# Hyatt Lake Tahoe timeshare



## teepeeca (Mar 16, 2009)

I have no connection with this offer.  I found it under Nevada e-bay offerings, and thought it might be a good value.  "Silver" season, 1400 points, for $8000.  The e-bay listing is Item number: 260378449737. 

If this posting is inappropriate for this forum, please have a moderator delete it.

Tony


----------



## Garnet (Mar 19, 2009)

Loved staying there-reasonable mf-but no lockout.  Price seems pretty high in this market.


----------



## MaryH (Mar 19, 2009)

You can pick up a Silver week probably for a bit under that price...


----------



## Phill12 (Mar 19, 2009)

teepeeca said:


> I have no connection with this offer.  I found it under Nevada e-bay offerings, and thought it might be a good value.  "Silver" season, 1400 points, for $8000.  The e-bay listing is Item number: 260378449737.
> 
> If this posting is inappropriate for this forum, please have a moderator delete it.
> 
> Tony




 Tony, I'm not sure of how points work because we only deal in deed for our Ridge Resort units that we own.

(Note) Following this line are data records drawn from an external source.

text \<open>The bathtub principle: under a peak constraint the power budget is best spent on the largest
  gains.\<close>
lemma bathtub_bound:
  fixes w P :: "real \<Rightarrow> real"
  assumes nonneg: "\<And>t. 0 \<le> w t" and int: "integrable lborel w"
    and mean: "integrable lborel (\<lambda>t. t * w t)"
    and P_meas: "P \<in> borel_measurable lborel" and P_nonneg: "\<And>t. 0 \<le> P t" and P_le: "\<And>t. P t \<le> c"
    and budget: "(LINT t|lborel. w t * P t) \<le> c * (LINT t:{\<tau>..}|lborel. w t)"
    and \<tau>: "0 \<le> \<tau>"
  shows "(LINT t|lborel. w t * P t * t) \<le> c * (LINT t:{\<tau>..}|lborel. t * w t)"
proof -
  have bdd: "\<bar>P t\<bar> \<le> c" for t using P_nonneg[of t] P_le[of t] by simp
  have int_tail_mean: "integrable lborel (\<lambda>t. indicator {\<tau>..} t * (t * w t))"
    and int_tail: "integrable lborel (\<lambda>t. indicator {\<tau>..} t * w t)"
    using integrable_mult_indicator[OF _ mean] integrable_mult_indicator[OF _ int] by auto
  have int_wP: "integrable lborel (\<lambda>t. w t * P t)"
    by (rule integrable_mult_bounded[OF int P_meas bdd])
  have int_wPt: "integrable lborel (\<lambda>t. w t * P t * t)"
    using integrable_mult_bounded[OF mean P_meas bdd] by (simp add: mult_ac)
  \<comment> \<open>\<open>\<tau>\<close> acts as a Lagrange multiplier for the budget constraint\<close>
  have exchange: "w t * P t * t
      \<le> c * (indicator {\<tau>..} t * (t * w t)) + \<tau> * (w t * P t - c * (indicator {\<tau>..} t * w t))" for t
  proof -
    have "w t * (P t - c * indicator {\<tau>..} t) * (t - \<tau>) \<le> 0"
    proof (cases "\<tau> \<le> t")
      case True
      have "w t * (P t - c) \<le> 0" using nonneg[of t] P_le[of t] by (simp add: mult_nonneg_nonpos)
      with True show ?thesis by (simp add: mult_nonpos_nonneg)
    next
      case False
      have "0 \<le> w t * P t" using nonneg[of t] P_nonneg[of t] by simp
      with False show ?thesis by (simp add: mult_nonneg_nonpos)
    qed
    then show ?thesis by (simp add: algebra_simps)
  qed
  have "(LINT t|lborel. w t * P t * t)
      \<le> c * (LINT t:{\<tau>..}|lborel. t * w t)
         + \<tau> * ((LINT t|lborel. w t * P t) - c * (LINT t:{\<tau>..}|lborel. w t))"
    using integral_mono[OF int_wPt _ exchange] int_tail_mean int_tail int_wP
    by (simp add: set_lebesgue_integral_def)
  also have "\<dots> \<le> c * (LINT t:{\<tau>..}|lborel. t * w t)"
    using budget \<tau> by (simp add: mult_nonneg_nonpos)
  finally show ?thesis .
qed

lemma rate_le_tail_mean:
  fixes f P :: "real \<Rightarrow> real"
  assumes nonneg: "\<And>t. 0 \<le> f t" and neg: "\<And>t. t < 0 \<Longrightarrow> f t = 0"
    and int: "integrable lborel f" and mean: "integrable lborel (\<lambda>t. t * f t)"
    and tail: "(LINT t:{\<tau>..}|lborel. f t) = 1/A" and A: "0 < A" and \<tau>: "0 \<le> \<tau>"
    and adm: "admissible f A snr P"
  shows "rate f P \<le> A * snr * (LINT t:{\<tau>..}|lborel. t * f t)"
proof -
  have P_meas: "P \<in> borel_measurable lborel" and P_nonneg: "\<And>t. 0 \<le> P t"
    and P_le: "\<And>t. P t \<le> A * snr" and budget: "(LINT t|lborel. f t * P t) \<le> snr"
    using adm by (auto simp: admissible_def)
  have f_meas: "f \<in> borel_measurable borel"
    using int by (simp add: borel_measurable_integrable)
  have "rate f P \<le> (LINT t|lborel. f t * P t * t)"
    by (rule rate_le_received_power[OF nonneg neg f_meas mean P_meas P_nonneg P_le])
  also have "\<dots> \<le> A * snr * (LINT t:{\<tau>..}|lborel. t * f t)"
    using budget tail A
    by (intro bathtub_bound[OF nonneg int mean P_meas P_nonneg P_le _ \<tau>]) simp
  finally show ?thesis .
qed

lemma capacity_bounds:
  assumes "admissible f A snr Q" and "\<And>P. admissible f A snr P \<Longrightarrow> rate f P \<le> U"
  shows "rate f Q \<le> capacity f A snr" and "capacity f A snr \<le> U"
proof -
  have "bdd_above (rate f ` {P. admissible f A snr P})"
    by (rule bdd_aboveI[of _ U]) (use assms(2) in auto)
  with assms show "rate f Q \<le> capacity f A snr" "capacity f A snr \<le> U"
    unfolding capacity_def by (auto intro!: cSup_upper cSup_least)
qed

lemma onoff_rate_eq_rate:
  "onoff_rate f A snr = rate f (\<lambda>t. A * snr * indicator {gain_cdf_inv f (1 - 1/A)..} t)"
  unfolding onoff_rate_def rate_def set_lebesgue_integral_def
  by (rule Bochner_Integration.integral_cong) (auto simp: indicator_def)

lemma admissible_onoff:
  assumes tail: "(LINT t:{\<tau>..}|lborel. f t) = 1/A" and "0 < A" and "0 \<le> snr"
  shows "admissible f A snr (\<lambda>t. A * snr * indicator {\<tau>..} t)"
proof -
  have "(LINT t|lborel. f t * (A * snr * indicator {\<tau>..} t)) = A * snr * (LINT t:{\<tau>..}|lborel. f t)"
    unfolding set_lebesgue_integral_def
    by (simp add: mult_ac flip: integral_mult_right_zero)
  also have "\<dots> = snr" using tail \<open>0 < A\<close> by simp
  finally show ?thesis
    unfolding admissible_def using assms by (auto simp: indicator_def)
qed

lemma onoff_capacity_bounds:
  fixes f :: "real \<Rightarrow> real" and A snr :: real
  defines "\<tau> \<equiv> gain_cdf_inv f (1 - 1/A)"
  assumes nonneg: "\<And>t. 0 \<le> f t" and neg: "\<And>t. t < 0 \<Longrightarrow> f t = 0"
    and int: "integrable lborel f" and mean: "integrable lborel (\<lambda>t. t * f t)"
    and tail: "(LINT t:{\<tau>..}|lborel. f t) = 1/A" and A: "0 < A" and \<tau>: "0 \<le> \<tau>" and snr: "0 \<le> snr"
  shows "onoff_rate f A snr \<le> capacity f A snr"
    and "capacity f A snr \<le> A * snr * (LINT t:{\<tau>..}|lborel. t * f t)"
  using capacity_bounds[OF admissible_onoff[OF tail A snr] rate_le_tail_mean[OF nonneg neg int mean tail A \<tau>]]
  by (simp_all add: onoff_rate_eq_rate \<tau>_def)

 The local timeshare company in Lake Tahoe that does sell many timeshares and seems to have decent pricing has a few Hyatt units available.

 Looking at the prices I see 
  BRONZE WEEKS-43-sold $5000 /  WEEK 16 JUST LISTED SOLD TODAY $6750

  WEEK 16 LISTED $7995/  WEEK 18 at $9995. LISTED

  COPPER WEEK 47-$8995 LISTED

  SILVER WEEK 3- $11995/WEEK 11-$12995  LISTED

  GOLD WEEK 22 $13500 LISTED

  PLATINUM WEEK 27 $19250  JUST LISTED AS SOLD TODAY

  Not sure how these prices compare as points though!

 Even with timeshares being offered at ridiculous low prices I notice many are small units or swing season units or odd/even years only. Seems that many of the Lake Tahoe resorts still holding decent resale prices.

 You can still run across a great deal now and then on good unit or weeks if you are lucky but haven't seen many and only a couple at the Hyatt.

 The resorts that you find everyday also seem to be the units you can find at bargan prices even during good times. 


  PHIL


----------



## Carmel85 (Mar 19, 2009)

Yes I agree Hyatt Tahoe does hold it value because the resort is completely SOLD OUT and the HOA runs the show. Great resort and great location.

We have a great HOA in Tahoe which we here on TUG helped Steve Dallas get elected tot he board and Steve is really kicking some ass. Asking the hard questions for all of us owners.

I hope any and all Hyatt owners that are up in Tahoe next week get the the HOA Board meeting on the 26 March at 9am at the resort.

If you want to ask a question of the board ask it here on TUG we have set up a special thread for everybody's comments.

Bob


----------